** Opening Supplied data block **

(* The contravariant functors $\mathrm{ClpUp}$ and $\mathrm{Pf}$ establish a dual equivalence $\mathsf{CHA} \equiv^{op} \mathsf{CES}$ between the category of conditional Heyting algebras and the category of conditional Esakia spaces.
   Context: A conditional Heyting algebra is a Heyting algebra $(A,\top,\bot,\wedge,\vee,\to)$ with a binary operator $\mathrel{\Box\!\!\!\rightarrow}$ satisfying $a \mathrel{\Box\!\!\!\rightarrow} (b\wedge c) = (a\mathrel{\Box\!\!\!\rightarrow} b)\wedge(a\mathrel{\Box\!\!\!\rightarrow} c)$ and $a\mathrel{\Box\!\!\!\rightarrow}\top=\top$; morphisms ($\mathsf{CHA}$) are Heyting homomorphisms preserving $\mathrel{\Box\!\!\!\rightarrow}$. An Esakia space is a nonempty poset $(X,\leq)$ with a compact topology $\tau$ such that $x\not\leq y$ implies some clopen upset contains $x$ but not $y$, and ${\downarrow}a$ is clopen for each clopen $a$. A conditional Esakia space is an Esakia space $(X,\leq,\tau)$ with relations $\mathcal{R}=\{R_a \mid a \text{ a clopen upset}\}$ such that: $a \Rightarrow_c b := \{x \mid R_a[x]\subseteq b\}$ is clopen for all clopen upsets $a,b$; $(\leq\circ R_a\circ\leq)=R_a$; and $R_a[x]$ is closed for all $x$. Morphisms ($\mathsf{CES}$) are continuous bounded morphisms $f$ (order-preserving, and $f(x)\leq' z'$ implies $z'=f(z)$ for some $z\geq x$) such that for all clopen upsets $a'$: $xR_{f^{-1}(a')}y$ implies $f(x)R_{a'}f(y)$, and $f(x)R_{a'}z'$ implies there is $z$ with $xR_{f^{-1}(a')}z$ and $f(z)\leq' z'$. The functor $\mathrm{ClpUp}$ sends a conditional Esakia space to the conditional Heyting algebra of its clopen upsets with $X,\emptyset,\cap,\cup$, implication $a\Rightarrow b = X\setminus{\downarrow}(a\setminus b)$ and conditional $\Rightarrow_c$ above, and a morphism $f$ to $f^{-1}$. The functor $\mathrm{Pf}$ sends a conditional Heyting algebra $A$ to its set of prime filters ordered by inclusion, with topology generated by the sets $\theta(a)=\{p \mid a\in p\}$ and their complements, and relations $x R_{\theta(a)} y$ iff $\{b\in A\mid a\mathrel{\Box\!\!\!\rightarrow} b\in x\}\subseteq y$; it sends a homomorphism $h$ to $h^{-1}$. *)

theory Defs
  imports "HOL-Analysis.Analysis"
begin

record 'a cha_sig =
  hcarrier :: "'a set"
  htop :: 'a
  hbot :: 'a
  hmeet :: "'a \<Rightarrow> 'a \<Rightarrow> 'a"
  hjoin :: "'a \<Rightarrow> 'a \<Rightarrow> 'a"
  himp :: "'a \<Rightarrow> 'a \<Rightarrow> 'a"
  hcond :: "'a \<Rightarrow> 'a \<Rightarrow> 'a"

definition hle :: "('a, 'm) cha_sig_scheme \<Rightarrow> 'a \<Rightarrow> 'a \<Rightarrow> bool" where
  "hle A a b \<longleftrightarrow> hmeet A a b = a"

text \<open>Heyting algebra: a bounded lattice (given by its meet/join axioms) with relative
  pseudocomplement. We follow the convention top ~= bot.\<close>
definition heyting_algebra :: "('a, 'm) cha_sig_scheme \<Rightarrow> bool" where
  "heyting_algebra A \<longleftrightarrow>
     htop A \<in> hcarrier A \<and> hbot A \<in> hcarrier A \<and> htop A \<noteq> hbot A \<and>
     (\<forall>a\<in>hcarrier A. \<forall>b\<in>hcarrier A.
        hmeet A a b \<in> hcarrier A \<and> hjoin A a b \<in> hcarrier A \<and> himp A a b \<in> hcarrier A) \<and>
     (\<forall>a\<in>hcarrier A. \<forall>b\<in>hcarrier A.
        hmeet A a b = hmeet A b a \<and> hjoin A a b = hjoin A b a \<and>
        hmeet A a (hjoin A a b) = a \<and> hjoin A a (hmeet A a b) = a) \<and>
     (\<forall>a\<in>hcarrier A. \<forall>b\<in>hcarrier A. \<forall>c\<in>hcarrier A.
        hmeet A a (hmeet A b c) = hmeet A (hmeet A a b) c \<and>
        hjoin A a (hjoin A b c) = hjoin A (hjoin A a b) c) \<and>
     (\<forall>a\<in>hcarrier A. hle A (hbot A) a \<and> hle A a (htop A)) \<and>
     (\<forall>a\<in>hcarrier A. \<forall>b\<in>hcarrier A. \<forall>c\<in>hcarrier A.
        hle A c (himp A a b) \<longleftrightarrow> hle A (hmeet A c a) b)"

definition cha :: "('a, 'm) cha_sig_scheme \<Rightarrow> bool" where
  "cha A \<longleftrightarrow> heyting_algebra A \<and>
     (\<forall>a\<in>hcarrier A. \<forall>b\<in>hcarrier A. hcond A a b \<in> hcarrier A) \<and>
     (\<forall>a\<in>hcarrier A. \<forall>b\<in>hcarrier A. \<forall>c\<in>hcarrier A.
        hcond A a (hmeet A b c) = hmeet A (hcond A a b) (hcond A a c)) \<and>
     (\<forall>a\<in>hcarrier A. hcond A a (htop A) = htop A)"

definition cha_hom :: "('a, 'm) cha_sig_scheme \<Rightarrow> ('b, 'n) cha_sig_scheme \<Rightarrow> ('a \<Rightarrow> 'b) \<Rightarrow> bool" where
  "cha_hom A B h \<longleftrightarrow> h \<in> hcarrier A \<rightarrow> hcarrier B \<and>
     h (htop A) = htop B \<and> h (hbot A) = hbot B \<and>
     (\<forall>a\<in>hcarrier A. \<forall>b\<in>hcarrier A.
        h (hmeet A a b) = hmeet B (h a) (h b) \<and> h (hjoin A a b) = hjoin B (h a) (h b) \<and>
        h (himp A a b) = himp B (h a) (h b) \<and> h (hcond A a b) = hcond B (h a) (h b))"

definition cha_iso :: "('a, 'm) cha_sig_scheme \<Rightarrow> ('b, 'n) cha_sig_scheme \<Rightarrow> ('a \<Rightarrow> 'b) \<Rightarrow> bool" where
  "cha_iso A B h \<longleftrightarrow> cha_hom A B h \<and>
     (\<exists>g. cha_hom B A g \<and> (\<forall>a\<in>hcarrier A. g (h a) = a) \<and> (\<forall>b\<in>hcarrier B. h (g b) = b))"

text \<open>rel X a is the relation R_a; it is only meaningful for clopen upsets a.\<close>
record 'x ces_sig =
  pts :: "'x set"
  leq :: "'x \<Rightarrow> 'x \<Rightarrow> bool"
  topo :: "'x topology"
  rel :: "'x set \<Rightarrow> 'x \<Rightarrow> 'x \<Rightarrow> bool"

definition is_upset :: "('x, 'm) ces_sig_scheme \<Rightarrow> 'x set \<Rightarrow> bool" where
  "is_upset X U \<longleftrightarrow> U \<subseteq> pts X \<and> (\<forall>x\<in>U. \<forall>y\<in>pts X. leq X x y \<longrightarrow> y \<in> U)"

** Closing Supplied data block **

• _Exercise requirements_
For this exercise, find all lines in the records containing the word "himp" and copy them.

• _Solution for this task_
  himp :: "'a \<Rightarrow> 'a \<Rightarrow> 'a"
        hmeet A a b \<in> hcarrier A \<and> hjoin A a b \<in> hcarrier A \<and> himp A a b \<in> hcarrier A) \<and>
        hle A c (himp A a b) \<longleftrightarrow> hle A (hmeet A c a) b)"
        h (himp A a b) = himp B (h a) (h b) \<and> h (hcond A a b) = hcond B (h a) (h b))"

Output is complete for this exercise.